JOSEPH CHAMBERLAIN, 19th CENTURY ORCHID GROWER by Brian Milligan

The average member of a Victorian orchid society would have a collection of a hundred or two plants, usually accommodated in one or two shade houses, and in some cases, also a heated glasshouse. We usually refer to ourselves as hobby growers or amateurs. Things were rather different a hundred years ago, when orchid growing was (at least in Britain) a hobby restricted to the seriously rich. These gentlemen growers (with the emphasis on gentlemen) wouldn’t think of involving themselves in such mundane matters as re-potting or watering -that was left to their ‘professional’ gardeners. Occasionally the orchid owners selected parents for pollination but their role for the most part was displaying their plants at prestigious shows, and buying more plants, often by auction and at obscene prices! Many of these gentlemen growers had large collections comprising many thousands of orchids, housed in extensive greenhouse complexes, that required the attention of teams of gardeners.
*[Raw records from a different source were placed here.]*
lemma card_4_imp_distinct:
  assumes "card {a, b, c, d} = 4"
  shows "a \<noteq> b" "a \<noteq> c" "a \<noteq> d" "b \<noteq> c" "b \<noteq> d" "c \<noteq> d"
proof -
  have "card {a, b, c, d} \<le> 3" if "a = b \<or> a = c \<or> a = d \<or> b = c \<or> b = d \<or> c = d"
  proof -
    have "\<exists>x y z. {a, b, c, d} = {x, y, z}" using that by auto
    then obtain x y z where "{a, b, c, d} = {x, y, z}" by blast
    then show ?thesis by (simp add: card_insert_if)
  qed
  then show "a \<noteq> b" "a \<noteq> c" "a \<noteq> d" "b \<noteq> c" "b \<noteq> d" "c \<noteq> d" using assms by force+
qed

definition face_cross_ge :: "real \<Rightarrow> real^3 \<Rightarrow> real^3 \<Rightarrow> real^3 \<Rightarrow> bool" where
  "face_cross_ge \<alpha> x y z \<longleftrightarrow> \<alpha> \<le> norm (cross3 (y - x) (z - x))"

lemma face_cross_ge_swap: "face_cross_ge \<alpha> x y z \<Longrightarrow> face_cross_ge \<alpha> x z y"
  unfolding face_cross_ge_def by (metis cross_skew norm_minus_cancel)

lemma face_cross_ge_rotate: "face_cross_ge \<alpha> x y z \<Longrightarrow> face_cross_ge \<alpha> y z x"
proof -
  have "cross3 (z - y) (x - y) = cross3 (y - x) (z - x)" by (simp add: cross3_simps forall_3)
  then show "face_cross_ge \<alpha> x y z \<Longrightarrow> face_cross_ge \<alpha> y z x" unfolding face_cross_ge_def by simp
qed

lemma face_cross_ge_tetrahedron:
  assumes "face_cross_ge \<alpha> a b c" "face_cross_ge \<alpha> a b d" "face_cross_ge \<alpha> a c d" "face_cross_ge \<alpha> b c d"
    and "x \<in> {a, b, c, d}" "y \<in> {a, b, c, d}" "z \<in> {a, b, c, d}" "x \<noteq> y" "x \<noteq> z" "y \<noteq> z"
  shows "face_cross_ge \<alpha> x y z"
  using assms by (auto intro: face_cross_ge_swap face_cross_ge_rotate face_cross_ge_rotate[OF face_cross_ge_swap]
      face_cross_ge_swap[OF face_cross_ge_rotate] face_cross_ge_rotate[OF face_cross_ge_rotate]
      face_cross_ge_swap[OF face_cross_ge_rotate[OF face_cross_ge_rotate]])

definition centroid :: "pos \<Rightarrow> nat set \<Rightarrow> real^3" where
  "centroid p t = (1/4) *\<^sub>R (\<Sum>x\<in>t. p x)"

section \<open>Packing\<close>

lemma dist_ge_of_balls_in_thin_intersection:
  fixes g1 g2 :: "'a::real_normed_vector"
  assumes "ball g1 \<rho> \<subseteq> H1" "ball g2 \<rho> \<subseteq> H2" "interior (H1 \<inter> H2) = {}"
  shows "\<rho> \<le> dist g1 g2"
proof (rule ccontr)
  assume "\<not> \<rho> \<le> dist g1 g2"
  then have "g1 \<in> ball g1 (\<rho> - dist g1 g2)" by simp
  moreover have "ball g1 (\<rho> - dist g1 g2) \<subseteq> H1 \<inter> H2"
  proof
    fix x assume "x \<in> ball g1 (\<rho> - dist g1 g2)"
    then have "dist g1 x < \<rho> - dist g1 g2" by simp
    moreover have "dist g2 x \<le> dist g1 g2 + dist g1 x" using dist_triangle[of g2 x g1] by (simp add: dist_commute)
    ultimately have "dist g1 x < \<rho>" "dist g2 x < \<rho>" using zero_le_dist[of g1 g2] by linarith+
    then have "x \<in> ball g1 \<rho>" "x \<in> ball g2 \<rho>" by simp_all
    then show "x \<in> H1 \<inter> H2" using assms(1,2) by auto
  qed
  then have "ball g1 (\<rho> - dist g1 g2) \<subseteq> interior (H1 \<inter> H2)" by (intro interior_maximal) auto
  ultimately show False using assms(3) by blast
qed

text \<open>Assign to each point its cell in the grid of mesh \<open>h/4\<close>;
  points in the same cell are closer than \<open>3h/4\<close>, so the assignment is injective.\<close>
lemma card_separated_points_le:
  fixes X :: "(real^3) set" and z :: "real^3"
  assumes R: "\<forall>x\<in>X. dist z x \<le> R"
    and sep: "\<forall>x\<in>X. \<forall>y\<in>X. x \<noteq> y \<longrightarrow> h \<le> dist x y" and h: "0 < h"
  shows "card X \<le> (nat (2 * \<lceil>R / (h/4)\<rceil> + 1))^3"
proof -
  define s where "s = h / 4"
  have s: "0 < s" using h unfolding s_def by simp
  define m where "m = \<lceil>R / s\<rceil>"
  define cell where "cell x = (\<lfloor>(x$1 - z$1) / s\<rfloor>, \<lfloor>(x$2 - z$2) / s\<rfloor>, \<lfloor>(x$3 - z$3) / s\<rfloor>)" for x :: "real^3"
  have bounded: "\<lfloor>(x$i - z$i) / s\<rfloor> \<in> {-m..m}" if "x \<in> X" for x i
  proof -
    have "\<bar>x$i - z$i\<bar> \<le> norm (x - z)" using component_le_norm_cart[of "x - z" i] by simp
    also have "\<dots> \<le> R" using R that by (simp add: dist_norm norm_minus_commute)
    finally have "\<bar>(x$i - z$i) / s\<bar> \<le> R / s" using s by (simp add: abs_divide divide_right_mono)
    then have "- ((x$i - z$i) / s) \<le> R / s" "(x$i - z$i) / s \<le> R / s" by (rule abs_le_D2, rule abs_le_D1)
    moreover have "R / s \<le> of_int m" unfolding m_def by simp
    ultimately show ?thesis by (auto simp: le_floor_iff floor_le_iff)
  qed
  have "inj_on cell X"
  proof (rule inj_onI, rule ccontr)
    fix x y assume xy: "x \<in> X" "y \<in> X" "cell x = cell y" "x \<noteq> y"
    have close: "\<bar>x$i - y$i\<bar> < s" if "i = 1 \<or> i = 2 \<or> i = 3" for i
    proof -
      have "\<lfloor>(x$i - z$i) / s\<rfloor> = \<lfloor>(y$i - z$i) / s\<rfloor>" using xy(3) that unfolding cell_def by auto
      then have "\<bar>(x$i - z$i) / s - (y$i - z$i) / s\<bar> < 1" by linarith
      then have "\<bar>(x$i - y$i) / s\<bar> < 1" by (simp add: diff_divide_distrib)
      then show ?thesis using s by (simp add: abs_divide)
    qed
    have "norm (x - y) \<le> (\<Sum>i\<in>UNIV. \<bar>(x - y)$i\<bar>)" by (rule norm_le_l1_cart)
    also have "\<dots> = \<bar>x$1 - y$1\<bar> + \<bar>x$2 - y$2\<bar> + \<bar>x$3 - y$3\<bar>" by (simp add: sum_3)
    also have "\<dots> < 3 * s" using close[of 1] close[of 2] close[of 3] by simp
    also have "\<dots> < h" using h unfolding s_def by simp
    finally show False using sep xy by (force simp: dist_norm)
  qed
  then have "card X = card (cell ` X)" by (simp add: card_image)
  also have "\<dots> \<le> card ({-m..m} \<times> {-m..m} \<times> {-m..m})"
    by (rule card_mono) (use bounded in \<open>auto simp: cell_def\<close>)
  also have "\<dots> = (nat (2 * m + 1))^3" by (simp add: card_cartesian_product power3_eq_cube)
  finally show ?thesis unfolding m_def s_def .
qed

section \<open>Rigid motions\<close>

lemma bip_bvec_e:
  assumes "i < n" "j < n" "i \<noteq> j"
  shows "bip n (bvec_e p i j) m = (1 / norm (p i - p j)) * ((p i - p j) \<bullet> (m i - m j))"
proof -
  have "bip n (bvec_e p i j) m = (\<Sum>k\<in>{i, j}. bvec_e p i j k \<bullet> m k)"
    unfolding bip_def by (rule sum.mono_neutral_right) (use assms in \<open>auto simp: bvec_e_def\<close>)
  then show ?thesis using assms by (simp add: bvec_e_def inner_diff_right algebra_simps)
qed

definition rigid_motion :: "nat \<Rightarrow> pos \<Rightarrow> nat \<Rightarrow> real^3 \<Rightarrow> real^3 \<Rightarrow> bvec" where
  "rigid_motion n p c \<tau> w = (\<lambda>k. if k < n then \<tau> + rotation_field p c w k else 0)"

lemma rigid_motion_in_null_space:
  assumes "\<forall>t\<in>T. t \<subseteq> {..<n}"
  shows "rigid_motion n p c \<tau> w \<in> stiffness_null_space n p T \<gamma>"
proof -
  have "bip n (bvec_e p i j) (rigid_motion n p c \<tau> w) = 0" if "(i, j) \<in> edges T" for i j
  proof -
    have ij: "i < n" "j < n" "i \<noteq> j" using that assms unfolding edges_def by auto
    then have "rigid_motion n p c \<tau> w i - rigid_motion n p c \<tau> w j = cross3 w (p i - p j)"
      unfolding rigid_motion_def by (simp add: rotation_field_diff)
    then show ?thesis using bip_bvec_e[OF ij] by (simp add: dot_cross_self)
  qed
  then have "stiffness_apply n p T \<gamma> (rigid_motion n p c \<tau> w) = (\<lambda>k. 0)"
    unfolding stiffness_apply_def by (intro ext sum.neutral) auto
  then show ?thesis unfolding stiffness_null_space_def block_vectors_def rigid_motion_def by simp
qed

lemma one_le_sum_sq_dist_of_orthogonal:
  assumes "bip n q q = 1" "bip n q m = 0"
  shows "1 \<le> (\<Sum>k<n. (norm (q k - m k))\<^sup>2)"
proof -
  have "(\<Sum>k<n. (norm (q k - m k))\<^sup>2) = (\<Sum>k<n. q k \<bullet> q k - 2 * (q k \<bullet> m k) + m k \<bullet> m k)"
    by (rule sum.cong) (auto simp: power2_norm_eq_inner inner_diff_left inner_diff_right inner_commute)
  also have "\<dots> = bip n q q - 2 * bip n q m + (\<Sum>k<n. m k \<bullet> m k)"
    unfolding bip_def by (simp add: sum.distrib sum_subtractf sum_distrib_left)
  finally show ?thesis using assms by (simp add: sum_nonneg)
qed

text \<open>Subtracting the rigid motion that agrees with the rotated \<open>q\<close> at \<open>a\<close>, which \<open>q\<close> is
  orthogonal to, leaves a vector of norm at least one; so some vertex carries \<open>1/n\<close> of it.\<close>
lemma exists_far_vertex:
  assumes T: "\<forall>t\<in>T. t \<subseteq> {..<n}" and q: "bip n q q = 1" "\<forall>v\<in>stiffness_null_space n p T \<gamma>. bip n q v = 0"
    and a: "a < n"
  shows "\<exists>k<n. 1 / real n \<le> (norm ((q k + rotation_field p c w k) - (q a + rotation_field p c w a)))\<^sup>2"
proof (rule ccontr)
  assume "\<not> ?thesis"
  then have small: "(norm ((q k + rotation_field p c w k) - (q a + rotation_field p c w a)))\<^sup>2 < 1 / real n"
    if "k < n" for k using that by auto
  define m where "m = rigid_motion n p c (q a + rotation_field p c w a) (- w)"
  have "m \<in> stiffness_null_space n p T \<gamma>" unfolding m_def by (rule rigid_motion_in_null_space[OF T])
  then have "1 \<le> (\<Sum>k<n. (norm (q k - m k))\<^sup>2)" using q by (intro one_le_sum_sq_dist_of_orthogonal) auto
  also have "\<dots> = (\<Sum>k<n. (norm ((q k + rotation_field p c w k) - (q a + rotation_field p c w a)))\<^sup>2)"
    by (rule sum.cong) (auto simp: m_def rigid_motion_def rotation_field_def algebra_simps)
  also have "\<dots> < (\<Sum>k<n. 1 / real n)" using a small by (intro sum_strict_mono) auto
  also have "\<dots> = 1" using a by simp
  finally show False by simp
qed

section \<open>Walks\<close>

definition graph_walk :: "nat set set \<Rightarrow> (nat \<Rightarrow> nat) \<Rightarrow> nat \<Rightarrow> bool" where
  "graph_walk T w d \<longleftrightarrow> (\<forall>k<d. (w k, w (Suc k)) \<in> edges T \<or> (w (Suc k), w k) \<in> edges T)"

definition tet_walk :: "nat set set \<Rightarrow> nat \<Rightarrow> (nat \<Rightarrow> nat set) \<Rightarrow> bool" where
  "tet_walk T K ts \<longleftrightarrow> (\<forall>k\<le>K. ts k \<in> T) \<and> (\<forall>k<K. share_face (ts k) (ts (Suc k)))"

lemma graph_walk_append:
  assumes "graph_walk T w1 d1" "graph_walk T w2 d2" "w1 d1 = w2 0"
  shows "graph_walk T (\<lambda>k. if k \<le> d1 then w1 k else w2 (k - d1)) (d1 + d2)"
  unfolding graph_walk_def
proof (intro allI impI)
  fix k assume k: "k < d1 + d2"
  show "((if k \<le> d1 then w1 k else w2 (k - d1)), (if Suc k \<le> d1 then w1 (Suc k) else w2 (Suc k - d1))) \<in> edges T \<or>
        ((if Suc k \<le> d1 then w1 (Suc k) else w2 (Suc k - d1)), (if k \<le> d1 then w1 k else w2 (k - d1))) \<in> edges T"
  proof (cases "k < d1")
    case True then show ?thesis using assms(1) unfolding graph_walk_def by auto
  next
    case False
    then have "k - d1 < d2" "Suc k - d1 = Suc (k - d1)" using k by auto
    then show ?thesis using assms(2,3) False unfolding graph_walk_def by (cases "k = d1") auto
  qed
qed

lemma graph_walk_in_tet:
  assumes "t \<in> T" "x \<in> t" "y \<in> t"
  shows "\<exists>d w. w 0 = x \<and> w d = y \<and> graph_walk T w d"
proof (cases "x = y")
  case True then show ?thesis by (intro exI[of _ 0] exI[of _ "\<lambda>_. x"]) (auto simp: graph_walk_def)
next
  case False
  then have "(x, y) \<in> edges T \<or> (y, x) \<in> edges T" using assms unfolding edges_def by (cases "x < y") auto
  then show ?thesis by (intro exI[of _ 1] exI[of _ "\<lambda>k. if k = 0 then x else y"]) (auto simp: graph_walk_def)
qed
lemma error_gain_ge_2: "error_gain \<ge> 2"
  unfolding error_gain_def by simp

lemma margin_pos: "margin > 0"
  unfolding margin_def using eig_floor_pos error_gain_ge_2 by simp

lemma Xest_error_le:
  assumes J: "J \<in> classes" "J \<noteq> {}" and \<epsilon>: "0 < \<epsilon>" "\<epsilon> \<le> 1"
    and close: "\<And>S. S \<in> relevant_subsets J \<Longrightarrow> \<bar>emp_mean N \<omega> S - Lam S\<bar> < \<epsilon> * margin"
  shows "\<bar>Xest m (Yemp n M N \<omega>) classes J - lognu n m M Gam supp Pg J\<bar> \<le> \<epsilon>"
proof -
  define D where "D S = Yemp n M N \<omega> S - ln (Lam S)" for S
  define b where "b = \<epsilon> / error_gain"
  have D_le: "\<bar>D S\<bar> \<le> b" if S: "S \<in> relevant_subsets J" for S
  proof -
    have Lam: "Lam S \<ge> eig_floor"
      using Lam_ge_eig_floor[OF two_eta_le_1[OF J(1)] relevant_subset_bounds[OF S]] .
    have dev: "\<bar>emp_mean N \<omega> S - Lam S\<bar> < \<epsilon> * margin"
      using close[OF S] .
    have "\<epsilon> * margin \<le> eig_floor / 2"
      using \<epsilon> eig_floor_pos error_gain_ge_2 unfolding margin_def
      by (auto simp: field_simps intro: mult_mono)
    then have "\<bar>D S\<bar> \<le> 2 * \<bar>emp_mean N \<omega> S - Lam S\<bar> / Lam S"
      unfolding D_def Yemp_def emp_mean_def[symmetric]
      using Lam dev eig_floor_pos by (intro abs_ln_diff_le) auto
    also have "\<dots> \<le> 2 * (\<epsilon> * margin) / eig_floor"
      using Lam dev eig_floor_pos by (intro frac_le) auto
    also have "\<dots> = b"
      unfolding b_def margin_def using eig_floor_pos error_gain_ge_2 by (simp add: field_simps)
    finally show ?thesis .
  qed
  have "Xest m (Yemp n M N \<omega>) classes J - lognu n m M Gam supp Pg J = Xrec m D classes J"
    using Xest_exact[OF J] Xrec_diff[of m "Yemp n M N \<omega>" classes J "\<lambda>S. ln (Lam S)"]
    unfolding Xest_def D_def by simp
  moreover have "\<bar>Xrec m D classes J\<bar> \<le> 2 * b * (real classes_per_generator + 1) ^ (synd_card_bound - card J)"
    using finite_class card_classes_le D_le J unfolding relevant_subsets_def
    by (intro abs_Xrec_le[OF finite_classes card_superclasses_le[OF J]]) auto
  moreover have "\<dots> \<le> 2 * b * (real classes_per_generator + 1) ^ synd_card_bound"
    using \<epsilon> error_gain_ge_2 unfolding b_def by (intro mult_left_mono power_increasing) auto
  moreover have "2 * b * (real classes_per_generator + 1) ^ synd_card_bound = \<epsilon>"
    unfolding b_def error_gain_def by simp
  ultimately show ?thesis
    by simp
qed
text \<open>If \<open>X\<close> is locally compact, sweeping a small open neighbourhood of the center, which by
  (ABS) is eventually absorbed into a compact neighbourhood \<open>K\<close>, yields an open balanced
  neighbourhood contained in \<open>K\<close>, hence with compact closure.\<close>

lemma exists_open_elementary:
  assumes "locally_compact_space X"
  obtains T where "openin X T" "elementary E e ginv X H \<omega> T"
proof -
  obtain U K where UK: "openin X U" "compactin X K" "\<omega> \<in> U" "U \<subseteq> K"
    using assms center_in_space unfolding locally_compact_space_def by blast
  have "nbhd X \<omega> K" unfolding nbhd_def using UK compactin_subset_topspace by blast
  then obtain U' where U': "nbhd X \<omega> U'" "eventually_absorbed E ginv H U' K"
    using absorptive_centerD[OF center _ center_in_space] by blast
  then obtain W where W: "openin X W" "\<omega> \<in> W" "W \<subseteq> U'"
    unfolding nbhd_def by blast
  then obtain \<alpha> where \<alpha>: "\<alpha> \<in> E"
    and absorbed: "\<forall>\<epsilon>\<in>E. \<epsilon> \<le> \<alpha> \<longrightarrow> H (ginv \<epsilon>) ` W \<subseteq> K"
    using eventually_absorbed_subset[OF U'(2)] unfolding eventually_absorbed_def by blast
  have open_T: "openin X (sweep \<alpha> W)" using W(1) by (rule sweep_openin)
  have "sweep \<alpha> W \<subseteq> K" unfolding sweep_def using absorbed by blast
  then have "X closure_of sweep \<alpha> W \<subseteq> K"
    using compactin_imp_closedin[OF Hausdorff UK(2)] by (rule closure_of_minimal)
  then have "compactin X (X closure_of sweep \<alpha> W)"
    using closed_compactin[OF UK(2)] closedin_closure_of by blast
  moreover have "nbhd X \<omega> (sweep \<alpha> W)"
    unfolding nbhd_def using open_T openin_subset[OF open_T] center_in_sweep[OF \<alpha> W(2)]
    by blast
  moreover have "balanced E e ginv X H (sweep \<alpha> W)"
    using sweep_balanced[OF openin_subset[OF W(1)]] .
  ultimately show ?thesis
    using that open_T unfolding elementary_def by blast
qed

text \<open>A compact set eventually absorbed into \<open>V\<close> is mapped into \<open>V\<close> by \<open>H n\<close> for some positive
  integer \<open>n\<close>: choose \<open>n \<ge> ginv \<beta>\<close>, so that \<open>ginv n \<le> \<beta>\<close> as inversion is antitone.\<close>

lemma absorbed_by_integer:
  assumes nat_in_E: "\<And>n::nat. n \<ge> 1 \<Longrightarrow> real n \<in> E"
    and absorbed: "eventually_absorbed E ginv H S V"
  obtains n :: nat where "n \<ge> 1" "H (real n) ` S \<subseteq> V"
proof -
  obtain \<beta> where \<beta>: "\<beta> \<in> E" "\<forall>\<epsilon>\<in>E. \<epsilon> \<le> \<beta> \<longrightarrow> H (ginv \<epsilon>) ` S \<subseteq> V"
    using absorbed unfolding eventually_absorbed_def by blast
  define n where "n = nat \<lceil>max 1 (ginv \<beta>)\<rceil>"
  have n: "n \<ge> 1" "ginv \<beta> \<le> real n" unfolding n_def by linarith+
  then have "ginv (real n) \<le> \<beta>"
    using inv_antitone[of "ginv \<beta>" "real n"] \<beta>(1) nat_in_E by simp
  then have "H (ginv (ginv (real n))) ` S \<subseteq> V"
    using \<beta>(2) inv_closed[OF nat_in_E[OF n(1)]] by blast
  then show ?thesis using that n(1) nat_in_E[OF n(1)] by simp
qed

text \<open>Every elementary set is mapped into any given neighbourhood of the center by some
  \<open>H n\<close>, because its closure is compact and hence eventually absorbed.\<close>

lemma elementary_shrinks:
  assumes nat_in_E: "\<And>n::nat. n \<ge> 1 \<Longrightarrow> real n \<in> E"
    and T: "elementary E e ginv X H \<omega> T" and V: "nbhd X \<omega> V"
  obtains n :: nat where "n \<ge> 1" "H (real n) ` T \<subseteq> V"
proof -
  have "E \<noteq> {}" using unit_closed by blast
  moreover have "compactin X (X closure_of T)" using T unfolding elementary_def by blast
  ultimately have "eventually_absorbed E ginv H (X closure_of T) V"
    using compact_eventually_absorbed[OF center _ _ V] by blast
  moreover have "T \<subseteq> X closure_of T"
    using T closure_of_subset unfolding elementary_def balanced_def by blast
  ultimately have "eventually_absorbed E ginv H T V"
    by (rule eventually_absorbed_subset)
  then show ?thesis using absorbed_by_integer[OF nat_in_E] that by blast
qed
As an example, I can provide some details of the orchid collection of Joseph Chamberlain (1836-1914), who made his fortune manufacturing screws in Birmingham before retiring from ‘trade’ to enter politics and, as a hobby, to grow orchids. He was very successful at both, becoming Lord Mayor of Birmingham before entering Parliament, where he held several important cabinet posts. Some idea of the size of Chamberlain’s orchid collection can be gained from the plan of his glasshouse complex in 1880, as shown in the introduction to Jim Rentoul’s book, The Specialist Orchid Grower (1987). Entered directly from Chamberlain’s house (Highbury) in Birmingham, it consisted of about twenty glasshouses connected by a glazed corridor. It included a boiler house, conservatory, fernery and pigeon roost. The entire complex measured roughly 70 m long by 12 m wide, the main rooms being lit by electric light, a novelty in those times! Individual houses were devoted to particular genera such as cattleyas, calanthes, phalaenopsis and East Indian orchids. One house held 2000-3000 odontoglossums, another over a thousand plants of Laelia anceps.

When in London, Chamberlain was never seen without an orchid flower in his buttonhole -two were sent to him from Birmingham every day! Two of his sons (Joseph Arthur and Arthur Neville) followed their father into Parliament, the younger (known as Neville) becoming Prime Minister in 1937. His negotiations with Hitler failed to avert war in 1939, and the rest is history! Joseph Chamberlain is commemorated by Laelia anceps var. Chamberlain’s and by Paphiopedilum chamberlainianum. Actually, he was not particularly fond of paphiopedilums and rather displeased when Frederick Sander named the species in his honour, especially when he saw its spiral petals. Chamberlain thought they resembled screws and that Sander was poking fun at him because of the way that his fortune had been gained (from a screw factory). In those days, gentlemen who had inherited their wealth through property looked down upon those who had prospered through trade, and Chamberlain was probably hoping that those in high society had forgotten how he had made his wealth! He can rest easy in his grave now, because the taxonomists have since changed the name Paphiopedilum chamberlainianum to Paphiopedilum victoria-regina. He was Vice-President of the Royal Orchid Society for many years and still held that position when he died in 1914.

Don’t get the impression that Joseph Chamberlain was the largest amateur orchid grower of his era, as there were many others with comparable collections, Sir George Holford, Sir Jeremiah Colman, Sir Trevor Lawrence and Baron Schroeder, just to name a few. Of course nurserymen such as Frederick Sander and Sons, Stuart Low & Co., and Charlesworth & Co. also featured in RHS reports of the times but always below the influential gentlemen growers, who considered themselves as amateurs, no matter how many gardeners they employed.